Das ist eine Aufgabe, die nur im Team mit Kollegen, Psychologen und Sozialpädagogen geleistet werden kann.“ Die Ausbildung zur Beamtin bzw. zum Beamten im mittleren Justizvollzugsdienst ist ab einem Mindestalter von 20 Jahren möglich, dauert zwei Jahre und beginnt mit einer mehrwöchigen Einführung.
Es folgen die theoretische Ausbildung in der Justizvollzugsschule Wuppertal und die berufspraktische Ausbildung in den unter-schiedlichen Justizvollzugseinrichtungen in NRW. Theorie und Praxis wechseln sich dabei regelmäßig ab.
Die Tätigkeit nach der Ausbildung ist je nach Dienstrichtung sehr abwechslungs-reich. Die Beamtinnen und Beamten beaufsichtigen und betreuen die Gefangenen im allgemeiner Vollzugsdienst oder bilden diese im sogenannten Werkdienst in unterschiedlichen Berufen aus bzw. weiter.

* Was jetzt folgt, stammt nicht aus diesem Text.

theorem proposition7p10:
  assumes left_cancel: "\<And>a x y :: 'a::{finite, semigroup_mult}. a * x = a * y \<Longrightarrow> x = y"
  shows "K_thin TYPE('a)"
proof -
  have right_solvable: "\<exists>x. a * x = b" for a b :: 'a
    using left_cancel by (rule finite_left_cancel_solvable)
  define e :: 'a where "e = right_identity undefined"
  have e: "e * e = e"
    unfolding e_def using left_cancel right_solvable by (rule right_identity_idempotent)
  have "normalized_sandwich {()} (left_ideal_monoid e) {x :: 'a. x * x = x} (\<lambda>_ _. e)"
    using e by (auto simp: normalized_sandwich_def left_ideal_monoid_def)
  moreover have "rees_iso (minimal_ideal :: 'a set) (\<lambda>s. ((), s * e, right_identity s))
      {()} (left_ideal_monoid e) {x :: 'a. x * x = x} (\<lambda>_ _. e)"
    unfolding minimal_ideal_eq_UNIV[OF right_solvable]
    using left_cancel right_solvable e by (rule right_group_rees_iso)
  moreover have "group (left_ideal_monoid e)"
    using left_cancel right_solvable e by (rule group_left_ideal_monoid)
  ultimately show ?thesis
    by (intro K_thin_if_rees_iso) auto
qed

end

Außerdem arbeiten sie in der Kranken-pflege und -betreuung oder der Versorgung der Inhaftierten.
 
Die Veranstaltung richtet sich im Übrigen nicht nur an Jugendliche. Auch Erwachsene, die bereits eine Ausbildung abgeschlossen haben, können sich über die Ausbildung im Justizvollzugsdienst einen neuen Karriereweg erschließen.
Das Höchstalter für die Einstellung liegt bei 40 Jahren.
 
Wer sich für eine Ausbildung im Justizvollzug in NRW bewerben möchte, benötigt mindestens einen Hauptschulabschluss mit bereits abgeschlossener Ausbildung oder die Fachoberschulreife.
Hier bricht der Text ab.